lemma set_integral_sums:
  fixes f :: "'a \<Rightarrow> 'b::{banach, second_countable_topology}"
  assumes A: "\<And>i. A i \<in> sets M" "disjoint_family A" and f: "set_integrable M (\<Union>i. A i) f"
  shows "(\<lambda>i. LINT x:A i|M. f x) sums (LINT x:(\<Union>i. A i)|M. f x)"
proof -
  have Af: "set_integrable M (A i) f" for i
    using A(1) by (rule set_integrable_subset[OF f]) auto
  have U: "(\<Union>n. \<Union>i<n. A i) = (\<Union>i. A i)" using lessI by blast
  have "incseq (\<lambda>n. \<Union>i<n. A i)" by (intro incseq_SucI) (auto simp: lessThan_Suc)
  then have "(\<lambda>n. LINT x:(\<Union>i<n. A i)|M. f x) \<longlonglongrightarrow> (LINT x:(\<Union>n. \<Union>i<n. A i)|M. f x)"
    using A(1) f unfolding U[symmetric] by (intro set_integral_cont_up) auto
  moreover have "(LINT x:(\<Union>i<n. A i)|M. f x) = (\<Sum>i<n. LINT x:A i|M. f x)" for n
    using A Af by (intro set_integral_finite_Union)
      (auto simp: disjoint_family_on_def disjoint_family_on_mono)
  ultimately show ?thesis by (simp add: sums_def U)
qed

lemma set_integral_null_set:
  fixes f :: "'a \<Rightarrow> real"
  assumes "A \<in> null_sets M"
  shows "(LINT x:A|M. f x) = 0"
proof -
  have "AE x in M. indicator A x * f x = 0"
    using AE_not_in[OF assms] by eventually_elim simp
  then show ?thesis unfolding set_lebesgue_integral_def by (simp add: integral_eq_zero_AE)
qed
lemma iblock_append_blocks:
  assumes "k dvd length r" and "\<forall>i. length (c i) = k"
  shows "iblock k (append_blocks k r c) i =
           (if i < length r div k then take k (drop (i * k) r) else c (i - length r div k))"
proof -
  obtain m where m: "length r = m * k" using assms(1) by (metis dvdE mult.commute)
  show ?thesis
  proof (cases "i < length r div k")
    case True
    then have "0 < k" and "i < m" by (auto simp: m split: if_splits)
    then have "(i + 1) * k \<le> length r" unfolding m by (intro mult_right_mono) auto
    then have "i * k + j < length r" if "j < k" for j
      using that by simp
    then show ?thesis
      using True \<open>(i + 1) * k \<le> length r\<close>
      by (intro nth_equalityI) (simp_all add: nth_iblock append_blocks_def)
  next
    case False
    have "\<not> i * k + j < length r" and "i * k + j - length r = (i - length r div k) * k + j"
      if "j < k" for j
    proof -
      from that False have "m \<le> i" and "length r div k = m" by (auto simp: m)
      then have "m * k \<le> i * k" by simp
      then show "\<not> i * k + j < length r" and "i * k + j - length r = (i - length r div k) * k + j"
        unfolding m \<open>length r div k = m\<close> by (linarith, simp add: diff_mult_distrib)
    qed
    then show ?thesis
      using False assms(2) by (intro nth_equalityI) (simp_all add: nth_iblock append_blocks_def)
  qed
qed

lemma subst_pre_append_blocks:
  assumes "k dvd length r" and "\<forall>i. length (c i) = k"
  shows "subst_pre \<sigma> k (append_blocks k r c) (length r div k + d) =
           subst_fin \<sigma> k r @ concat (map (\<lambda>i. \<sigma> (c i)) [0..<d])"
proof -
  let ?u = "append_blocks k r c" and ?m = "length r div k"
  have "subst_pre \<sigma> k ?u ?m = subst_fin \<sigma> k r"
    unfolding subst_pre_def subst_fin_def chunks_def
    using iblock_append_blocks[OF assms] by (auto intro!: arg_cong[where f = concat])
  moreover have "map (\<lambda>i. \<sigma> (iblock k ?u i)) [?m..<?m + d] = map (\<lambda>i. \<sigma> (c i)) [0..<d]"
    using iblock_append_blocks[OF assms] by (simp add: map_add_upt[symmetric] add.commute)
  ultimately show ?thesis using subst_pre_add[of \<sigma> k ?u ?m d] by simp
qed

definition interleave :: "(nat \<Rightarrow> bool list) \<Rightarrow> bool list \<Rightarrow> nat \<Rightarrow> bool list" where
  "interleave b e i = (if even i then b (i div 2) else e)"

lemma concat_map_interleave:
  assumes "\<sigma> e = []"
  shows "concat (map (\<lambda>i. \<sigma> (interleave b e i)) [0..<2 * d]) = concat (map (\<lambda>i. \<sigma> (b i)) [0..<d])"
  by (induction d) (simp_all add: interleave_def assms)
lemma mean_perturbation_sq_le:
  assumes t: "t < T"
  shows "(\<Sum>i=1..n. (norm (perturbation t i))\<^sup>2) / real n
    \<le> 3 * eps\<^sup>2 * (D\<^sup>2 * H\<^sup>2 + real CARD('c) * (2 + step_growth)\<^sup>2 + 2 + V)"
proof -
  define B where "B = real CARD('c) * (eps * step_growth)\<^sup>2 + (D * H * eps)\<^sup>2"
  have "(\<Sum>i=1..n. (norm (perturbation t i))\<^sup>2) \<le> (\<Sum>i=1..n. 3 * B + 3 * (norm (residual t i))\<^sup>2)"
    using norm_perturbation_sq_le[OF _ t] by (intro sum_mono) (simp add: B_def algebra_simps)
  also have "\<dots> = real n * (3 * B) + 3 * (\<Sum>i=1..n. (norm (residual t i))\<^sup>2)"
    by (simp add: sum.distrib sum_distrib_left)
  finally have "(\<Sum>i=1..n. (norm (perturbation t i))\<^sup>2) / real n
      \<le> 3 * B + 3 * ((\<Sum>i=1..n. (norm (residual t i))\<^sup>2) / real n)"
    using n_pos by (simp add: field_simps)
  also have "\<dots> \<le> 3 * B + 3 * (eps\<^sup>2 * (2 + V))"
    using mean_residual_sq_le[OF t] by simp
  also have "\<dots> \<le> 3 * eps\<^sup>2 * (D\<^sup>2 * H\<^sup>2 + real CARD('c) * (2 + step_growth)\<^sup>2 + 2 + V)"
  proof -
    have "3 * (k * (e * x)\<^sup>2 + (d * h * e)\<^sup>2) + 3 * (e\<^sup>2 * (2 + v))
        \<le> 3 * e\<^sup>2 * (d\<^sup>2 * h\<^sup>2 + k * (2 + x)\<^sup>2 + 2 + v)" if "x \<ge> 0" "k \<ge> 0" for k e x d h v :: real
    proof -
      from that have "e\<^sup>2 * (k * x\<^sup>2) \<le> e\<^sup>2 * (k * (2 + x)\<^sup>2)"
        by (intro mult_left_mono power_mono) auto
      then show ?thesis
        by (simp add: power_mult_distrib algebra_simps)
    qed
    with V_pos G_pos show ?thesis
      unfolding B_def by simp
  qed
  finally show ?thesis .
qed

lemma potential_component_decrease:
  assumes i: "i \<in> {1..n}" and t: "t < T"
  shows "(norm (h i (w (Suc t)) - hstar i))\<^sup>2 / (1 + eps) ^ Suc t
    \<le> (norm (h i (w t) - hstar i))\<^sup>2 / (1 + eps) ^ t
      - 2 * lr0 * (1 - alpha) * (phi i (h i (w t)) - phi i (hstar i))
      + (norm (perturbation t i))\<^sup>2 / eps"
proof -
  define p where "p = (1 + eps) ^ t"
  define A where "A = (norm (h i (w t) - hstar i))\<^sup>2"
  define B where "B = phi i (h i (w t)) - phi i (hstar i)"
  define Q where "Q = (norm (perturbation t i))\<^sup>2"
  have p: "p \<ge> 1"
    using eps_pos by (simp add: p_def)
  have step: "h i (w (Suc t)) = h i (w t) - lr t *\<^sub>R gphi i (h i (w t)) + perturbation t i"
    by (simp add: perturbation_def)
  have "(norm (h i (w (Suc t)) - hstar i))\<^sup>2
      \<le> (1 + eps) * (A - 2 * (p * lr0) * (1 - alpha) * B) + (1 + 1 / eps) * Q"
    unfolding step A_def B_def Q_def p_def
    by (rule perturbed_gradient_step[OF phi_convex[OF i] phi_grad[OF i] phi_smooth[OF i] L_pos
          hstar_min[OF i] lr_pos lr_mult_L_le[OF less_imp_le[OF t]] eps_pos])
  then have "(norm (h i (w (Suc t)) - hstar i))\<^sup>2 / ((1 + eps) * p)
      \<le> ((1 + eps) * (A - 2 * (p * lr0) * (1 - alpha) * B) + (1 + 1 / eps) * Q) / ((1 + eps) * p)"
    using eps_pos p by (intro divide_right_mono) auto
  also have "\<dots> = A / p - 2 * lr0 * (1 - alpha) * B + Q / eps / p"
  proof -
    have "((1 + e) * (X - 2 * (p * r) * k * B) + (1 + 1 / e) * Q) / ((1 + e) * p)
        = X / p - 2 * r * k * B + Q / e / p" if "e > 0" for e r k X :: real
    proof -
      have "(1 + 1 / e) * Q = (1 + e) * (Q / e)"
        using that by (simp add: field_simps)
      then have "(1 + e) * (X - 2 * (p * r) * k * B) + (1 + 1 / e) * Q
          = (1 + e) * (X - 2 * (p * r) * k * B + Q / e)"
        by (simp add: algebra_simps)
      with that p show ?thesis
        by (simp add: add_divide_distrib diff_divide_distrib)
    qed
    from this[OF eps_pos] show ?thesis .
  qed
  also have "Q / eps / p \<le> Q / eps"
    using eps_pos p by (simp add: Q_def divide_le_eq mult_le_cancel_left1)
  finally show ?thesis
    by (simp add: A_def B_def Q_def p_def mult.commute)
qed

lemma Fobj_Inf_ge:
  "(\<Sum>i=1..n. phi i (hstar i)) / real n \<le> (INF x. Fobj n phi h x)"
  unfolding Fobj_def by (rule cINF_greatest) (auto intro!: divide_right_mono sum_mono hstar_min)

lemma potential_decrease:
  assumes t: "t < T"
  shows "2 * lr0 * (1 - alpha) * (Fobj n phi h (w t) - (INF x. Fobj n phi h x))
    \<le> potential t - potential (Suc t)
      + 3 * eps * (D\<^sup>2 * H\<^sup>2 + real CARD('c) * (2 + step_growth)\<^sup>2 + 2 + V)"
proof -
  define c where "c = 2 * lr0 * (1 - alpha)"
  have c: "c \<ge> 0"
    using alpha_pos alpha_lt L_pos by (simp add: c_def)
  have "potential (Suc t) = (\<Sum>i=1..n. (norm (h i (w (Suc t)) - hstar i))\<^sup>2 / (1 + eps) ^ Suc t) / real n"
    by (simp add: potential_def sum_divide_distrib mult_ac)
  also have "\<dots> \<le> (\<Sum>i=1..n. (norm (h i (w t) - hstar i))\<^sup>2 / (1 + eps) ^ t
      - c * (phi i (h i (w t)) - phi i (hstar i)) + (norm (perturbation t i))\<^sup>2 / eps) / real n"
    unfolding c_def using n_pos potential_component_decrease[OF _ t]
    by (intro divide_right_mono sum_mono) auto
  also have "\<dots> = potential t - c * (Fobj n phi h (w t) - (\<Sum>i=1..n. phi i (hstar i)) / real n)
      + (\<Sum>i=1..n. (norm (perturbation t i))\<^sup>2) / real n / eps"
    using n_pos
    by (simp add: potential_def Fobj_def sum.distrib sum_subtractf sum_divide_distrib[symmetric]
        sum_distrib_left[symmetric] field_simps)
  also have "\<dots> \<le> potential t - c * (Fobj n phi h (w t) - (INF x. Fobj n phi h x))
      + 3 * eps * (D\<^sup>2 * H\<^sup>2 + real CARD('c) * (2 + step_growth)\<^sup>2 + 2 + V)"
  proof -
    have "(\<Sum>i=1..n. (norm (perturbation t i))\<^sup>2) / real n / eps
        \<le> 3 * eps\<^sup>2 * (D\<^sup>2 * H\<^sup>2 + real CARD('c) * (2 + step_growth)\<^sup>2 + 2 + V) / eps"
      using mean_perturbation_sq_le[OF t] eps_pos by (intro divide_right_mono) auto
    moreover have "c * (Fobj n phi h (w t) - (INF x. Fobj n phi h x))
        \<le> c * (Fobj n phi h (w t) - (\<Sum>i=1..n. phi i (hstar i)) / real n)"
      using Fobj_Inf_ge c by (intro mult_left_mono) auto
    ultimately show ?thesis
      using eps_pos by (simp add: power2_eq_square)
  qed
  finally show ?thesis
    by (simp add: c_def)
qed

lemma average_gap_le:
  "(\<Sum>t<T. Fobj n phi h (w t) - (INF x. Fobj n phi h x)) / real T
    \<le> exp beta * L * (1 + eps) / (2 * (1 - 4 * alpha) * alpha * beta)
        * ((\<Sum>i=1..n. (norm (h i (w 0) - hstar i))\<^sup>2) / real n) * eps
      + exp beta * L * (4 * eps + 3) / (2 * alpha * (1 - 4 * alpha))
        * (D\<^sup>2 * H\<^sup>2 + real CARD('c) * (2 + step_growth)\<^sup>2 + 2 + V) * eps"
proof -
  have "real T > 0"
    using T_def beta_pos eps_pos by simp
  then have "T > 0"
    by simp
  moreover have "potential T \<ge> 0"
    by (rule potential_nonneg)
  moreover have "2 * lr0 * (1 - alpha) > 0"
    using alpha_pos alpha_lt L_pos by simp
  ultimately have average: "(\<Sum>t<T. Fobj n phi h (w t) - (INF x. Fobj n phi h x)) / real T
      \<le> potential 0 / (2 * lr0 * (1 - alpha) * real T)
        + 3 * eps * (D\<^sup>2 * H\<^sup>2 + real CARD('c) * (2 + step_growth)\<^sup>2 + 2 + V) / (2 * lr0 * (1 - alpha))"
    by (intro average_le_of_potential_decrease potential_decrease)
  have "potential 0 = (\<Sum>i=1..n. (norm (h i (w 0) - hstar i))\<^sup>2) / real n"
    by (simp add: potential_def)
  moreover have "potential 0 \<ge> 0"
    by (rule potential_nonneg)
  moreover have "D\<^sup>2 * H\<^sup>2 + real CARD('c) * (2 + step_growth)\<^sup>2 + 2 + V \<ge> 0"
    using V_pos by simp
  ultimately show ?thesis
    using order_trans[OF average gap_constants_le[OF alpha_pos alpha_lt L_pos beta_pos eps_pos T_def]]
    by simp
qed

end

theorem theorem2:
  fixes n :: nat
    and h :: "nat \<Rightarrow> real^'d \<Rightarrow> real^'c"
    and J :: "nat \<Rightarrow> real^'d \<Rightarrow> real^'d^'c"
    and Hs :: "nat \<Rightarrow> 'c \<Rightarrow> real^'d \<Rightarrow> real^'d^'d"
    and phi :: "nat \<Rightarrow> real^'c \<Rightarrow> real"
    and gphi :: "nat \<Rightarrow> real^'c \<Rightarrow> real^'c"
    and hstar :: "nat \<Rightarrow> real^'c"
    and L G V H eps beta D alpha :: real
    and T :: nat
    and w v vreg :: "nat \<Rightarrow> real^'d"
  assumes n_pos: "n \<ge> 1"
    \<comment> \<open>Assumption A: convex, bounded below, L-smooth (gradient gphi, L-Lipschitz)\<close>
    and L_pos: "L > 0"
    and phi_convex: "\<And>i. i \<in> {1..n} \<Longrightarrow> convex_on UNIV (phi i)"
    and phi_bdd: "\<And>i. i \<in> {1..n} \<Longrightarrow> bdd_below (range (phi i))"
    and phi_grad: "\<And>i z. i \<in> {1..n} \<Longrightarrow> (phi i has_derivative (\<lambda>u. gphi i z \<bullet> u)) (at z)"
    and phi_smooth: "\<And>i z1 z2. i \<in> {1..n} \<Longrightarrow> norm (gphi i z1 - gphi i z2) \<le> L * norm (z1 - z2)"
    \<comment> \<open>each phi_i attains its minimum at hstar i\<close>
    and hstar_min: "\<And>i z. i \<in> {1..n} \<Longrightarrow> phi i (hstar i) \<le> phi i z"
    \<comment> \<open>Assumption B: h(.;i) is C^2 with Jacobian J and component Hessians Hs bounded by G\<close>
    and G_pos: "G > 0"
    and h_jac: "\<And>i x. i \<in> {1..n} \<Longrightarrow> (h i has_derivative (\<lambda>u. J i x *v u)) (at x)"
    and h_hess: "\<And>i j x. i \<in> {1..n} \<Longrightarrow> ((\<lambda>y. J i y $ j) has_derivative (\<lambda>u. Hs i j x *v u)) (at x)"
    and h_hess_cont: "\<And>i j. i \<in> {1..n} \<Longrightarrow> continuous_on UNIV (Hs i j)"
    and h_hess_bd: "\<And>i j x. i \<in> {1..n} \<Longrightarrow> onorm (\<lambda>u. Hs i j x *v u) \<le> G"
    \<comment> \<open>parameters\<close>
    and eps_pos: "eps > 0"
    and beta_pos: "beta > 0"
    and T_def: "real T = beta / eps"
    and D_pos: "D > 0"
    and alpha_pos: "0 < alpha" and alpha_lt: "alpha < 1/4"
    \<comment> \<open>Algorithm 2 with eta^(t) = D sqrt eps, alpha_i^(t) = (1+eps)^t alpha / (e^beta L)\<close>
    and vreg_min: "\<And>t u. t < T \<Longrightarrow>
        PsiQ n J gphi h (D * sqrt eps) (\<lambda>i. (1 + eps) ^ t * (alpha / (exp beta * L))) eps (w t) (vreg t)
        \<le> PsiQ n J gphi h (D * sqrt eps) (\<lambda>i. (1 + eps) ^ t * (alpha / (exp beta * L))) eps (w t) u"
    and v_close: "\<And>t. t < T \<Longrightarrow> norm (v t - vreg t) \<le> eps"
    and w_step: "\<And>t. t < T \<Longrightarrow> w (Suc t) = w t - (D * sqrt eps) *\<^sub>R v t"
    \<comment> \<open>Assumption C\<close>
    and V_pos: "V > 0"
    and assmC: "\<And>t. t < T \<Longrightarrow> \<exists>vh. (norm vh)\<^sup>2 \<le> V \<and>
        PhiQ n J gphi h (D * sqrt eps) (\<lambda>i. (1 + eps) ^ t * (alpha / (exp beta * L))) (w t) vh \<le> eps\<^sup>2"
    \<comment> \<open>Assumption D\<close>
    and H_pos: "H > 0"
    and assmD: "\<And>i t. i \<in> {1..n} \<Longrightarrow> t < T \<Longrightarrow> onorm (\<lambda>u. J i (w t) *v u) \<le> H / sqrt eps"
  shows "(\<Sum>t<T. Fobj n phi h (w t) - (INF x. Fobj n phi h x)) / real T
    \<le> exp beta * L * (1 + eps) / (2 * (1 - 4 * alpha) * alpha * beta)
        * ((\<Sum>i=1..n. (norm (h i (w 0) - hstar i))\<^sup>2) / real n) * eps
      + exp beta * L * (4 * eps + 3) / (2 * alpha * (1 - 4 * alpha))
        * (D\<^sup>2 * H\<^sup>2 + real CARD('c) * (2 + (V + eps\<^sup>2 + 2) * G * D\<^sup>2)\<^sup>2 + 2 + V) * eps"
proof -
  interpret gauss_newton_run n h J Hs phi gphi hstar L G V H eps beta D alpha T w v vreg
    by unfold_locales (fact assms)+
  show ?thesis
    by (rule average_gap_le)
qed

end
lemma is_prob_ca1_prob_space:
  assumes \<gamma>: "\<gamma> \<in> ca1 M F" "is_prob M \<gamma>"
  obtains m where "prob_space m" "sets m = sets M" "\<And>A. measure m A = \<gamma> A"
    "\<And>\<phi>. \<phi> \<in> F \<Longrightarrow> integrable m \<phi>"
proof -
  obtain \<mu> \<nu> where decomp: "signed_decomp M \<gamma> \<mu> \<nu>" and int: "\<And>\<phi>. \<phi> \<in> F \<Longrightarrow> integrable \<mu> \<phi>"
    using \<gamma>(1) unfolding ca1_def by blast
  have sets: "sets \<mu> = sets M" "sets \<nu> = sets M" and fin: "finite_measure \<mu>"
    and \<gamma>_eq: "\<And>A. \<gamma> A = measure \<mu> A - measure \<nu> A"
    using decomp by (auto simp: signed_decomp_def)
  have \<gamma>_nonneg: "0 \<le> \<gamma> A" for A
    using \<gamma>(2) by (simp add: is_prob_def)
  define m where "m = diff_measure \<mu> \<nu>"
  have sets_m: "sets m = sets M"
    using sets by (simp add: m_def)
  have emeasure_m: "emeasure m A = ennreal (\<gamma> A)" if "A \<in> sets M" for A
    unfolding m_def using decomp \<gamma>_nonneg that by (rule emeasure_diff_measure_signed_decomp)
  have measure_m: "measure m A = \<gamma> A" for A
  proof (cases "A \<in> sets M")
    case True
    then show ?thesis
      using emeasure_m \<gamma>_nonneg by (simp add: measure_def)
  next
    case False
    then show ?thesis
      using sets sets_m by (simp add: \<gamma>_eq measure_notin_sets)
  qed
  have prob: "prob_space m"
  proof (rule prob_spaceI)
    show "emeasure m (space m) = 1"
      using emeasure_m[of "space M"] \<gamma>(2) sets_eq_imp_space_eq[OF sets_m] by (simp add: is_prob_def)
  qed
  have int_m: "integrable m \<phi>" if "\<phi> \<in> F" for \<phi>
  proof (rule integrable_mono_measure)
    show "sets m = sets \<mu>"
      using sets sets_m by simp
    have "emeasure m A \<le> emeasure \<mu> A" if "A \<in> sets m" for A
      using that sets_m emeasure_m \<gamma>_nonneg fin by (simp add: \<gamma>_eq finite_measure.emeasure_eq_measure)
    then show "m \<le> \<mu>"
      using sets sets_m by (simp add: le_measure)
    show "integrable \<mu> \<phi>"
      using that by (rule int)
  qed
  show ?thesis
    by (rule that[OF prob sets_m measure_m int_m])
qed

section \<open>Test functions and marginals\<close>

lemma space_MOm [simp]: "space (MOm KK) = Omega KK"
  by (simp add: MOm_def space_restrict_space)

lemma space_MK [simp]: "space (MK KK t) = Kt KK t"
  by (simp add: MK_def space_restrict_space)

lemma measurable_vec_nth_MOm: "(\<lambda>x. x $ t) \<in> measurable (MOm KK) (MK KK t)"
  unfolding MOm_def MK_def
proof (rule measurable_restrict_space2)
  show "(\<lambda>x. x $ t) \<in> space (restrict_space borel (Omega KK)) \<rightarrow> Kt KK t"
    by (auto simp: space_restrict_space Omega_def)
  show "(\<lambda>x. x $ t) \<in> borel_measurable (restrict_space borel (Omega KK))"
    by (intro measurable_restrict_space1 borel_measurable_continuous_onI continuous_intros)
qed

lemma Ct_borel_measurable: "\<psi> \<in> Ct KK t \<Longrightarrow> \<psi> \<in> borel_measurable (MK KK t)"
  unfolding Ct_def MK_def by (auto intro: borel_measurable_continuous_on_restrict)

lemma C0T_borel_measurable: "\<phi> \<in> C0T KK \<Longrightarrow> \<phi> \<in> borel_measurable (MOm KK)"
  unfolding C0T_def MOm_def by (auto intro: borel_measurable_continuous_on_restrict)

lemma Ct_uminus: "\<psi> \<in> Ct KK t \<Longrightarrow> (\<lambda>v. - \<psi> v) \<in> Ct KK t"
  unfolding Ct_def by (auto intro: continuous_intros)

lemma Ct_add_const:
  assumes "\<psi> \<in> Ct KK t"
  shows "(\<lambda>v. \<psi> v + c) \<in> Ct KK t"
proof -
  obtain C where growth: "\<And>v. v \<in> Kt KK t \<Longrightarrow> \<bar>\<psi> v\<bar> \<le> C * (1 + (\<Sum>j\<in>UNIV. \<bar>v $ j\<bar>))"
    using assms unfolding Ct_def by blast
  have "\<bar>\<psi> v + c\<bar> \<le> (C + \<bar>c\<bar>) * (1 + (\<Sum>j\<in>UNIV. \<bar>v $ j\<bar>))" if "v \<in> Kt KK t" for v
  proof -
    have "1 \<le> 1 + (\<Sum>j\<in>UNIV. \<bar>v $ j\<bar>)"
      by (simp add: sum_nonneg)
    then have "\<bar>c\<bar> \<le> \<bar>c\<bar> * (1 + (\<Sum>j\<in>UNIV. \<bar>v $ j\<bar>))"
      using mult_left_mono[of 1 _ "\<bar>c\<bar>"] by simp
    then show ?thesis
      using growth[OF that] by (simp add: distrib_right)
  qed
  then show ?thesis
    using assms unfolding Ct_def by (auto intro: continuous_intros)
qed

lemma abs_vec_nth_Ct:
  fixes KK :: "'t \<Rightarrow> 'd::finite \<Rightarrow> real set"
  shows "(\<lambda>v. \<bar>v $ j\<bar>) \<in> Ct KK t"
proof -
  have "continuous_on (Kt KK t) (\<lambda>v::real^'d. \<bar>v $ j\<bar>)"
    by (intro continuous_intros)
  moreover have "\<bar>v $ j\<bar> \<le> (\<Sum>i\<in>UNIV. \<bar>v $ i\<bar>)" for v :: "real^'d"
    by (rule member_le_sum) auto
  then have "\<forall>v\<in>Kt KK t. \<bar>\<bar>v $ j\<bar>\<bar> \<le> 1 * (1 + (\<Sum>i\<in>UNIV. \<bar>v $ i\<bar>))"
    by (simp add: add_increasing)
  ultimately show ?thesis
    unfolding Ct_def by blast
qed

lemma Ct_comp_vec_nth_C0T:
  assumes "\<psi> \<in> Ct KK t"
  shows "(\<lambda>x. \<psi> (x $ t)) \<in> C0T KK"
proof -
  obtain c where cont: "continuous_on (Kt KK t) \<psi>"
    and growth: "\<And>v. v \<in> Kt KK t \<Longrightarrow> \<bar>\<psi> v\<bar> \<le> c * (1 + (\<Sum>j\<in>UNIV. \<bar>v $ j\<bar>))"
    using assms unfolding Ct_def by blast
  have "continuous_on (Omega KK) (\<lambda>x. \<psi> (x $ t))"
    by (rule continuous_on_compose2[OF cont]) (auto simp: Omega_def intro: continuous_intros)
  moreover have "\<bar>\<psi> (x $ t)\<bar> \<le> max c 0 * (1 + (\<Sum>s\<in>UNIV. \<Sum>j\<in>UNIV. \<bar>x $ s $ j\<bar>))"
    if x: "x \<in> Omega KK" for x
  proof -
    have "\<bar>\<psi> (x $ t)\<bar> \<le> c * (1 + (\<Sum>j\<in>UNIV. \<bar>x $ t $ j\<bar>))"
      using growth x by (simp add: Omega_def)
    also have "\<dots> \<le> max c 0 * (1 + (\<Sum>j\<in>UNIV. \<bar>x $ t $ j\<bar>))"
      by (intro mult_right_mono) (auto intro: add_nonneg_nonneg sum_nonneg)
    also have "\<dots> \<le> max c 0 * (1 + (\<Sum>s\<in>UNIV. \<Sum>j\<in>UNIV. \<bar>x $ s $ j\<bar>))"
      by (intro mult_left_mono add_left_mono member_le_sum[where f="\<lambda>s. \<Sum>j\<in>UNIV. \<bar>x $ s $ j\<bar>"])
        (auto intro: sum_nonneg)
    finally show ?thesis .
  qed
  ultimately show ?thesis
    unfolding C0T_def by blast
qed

EXERCISE
With "ultimately" as the search string, filter the records and return each line that has it.

SOLUTION TO THE PROBLEM
  ultimately show ?thesis by (simp add: sums_def U)
  ultimately show ?thesis using subst_pre_add[of \<sigma> k ?u ?m d] by simp
    ultimately show ?thesis
  ultimately have average: "(\<Sum>t<T. Fobj n phi h (w t) - (INF x. Fobj n phi h x)) / real T
  ultimately show ?thesis
  ultimately show ?thesis
  ultimately show ?thesis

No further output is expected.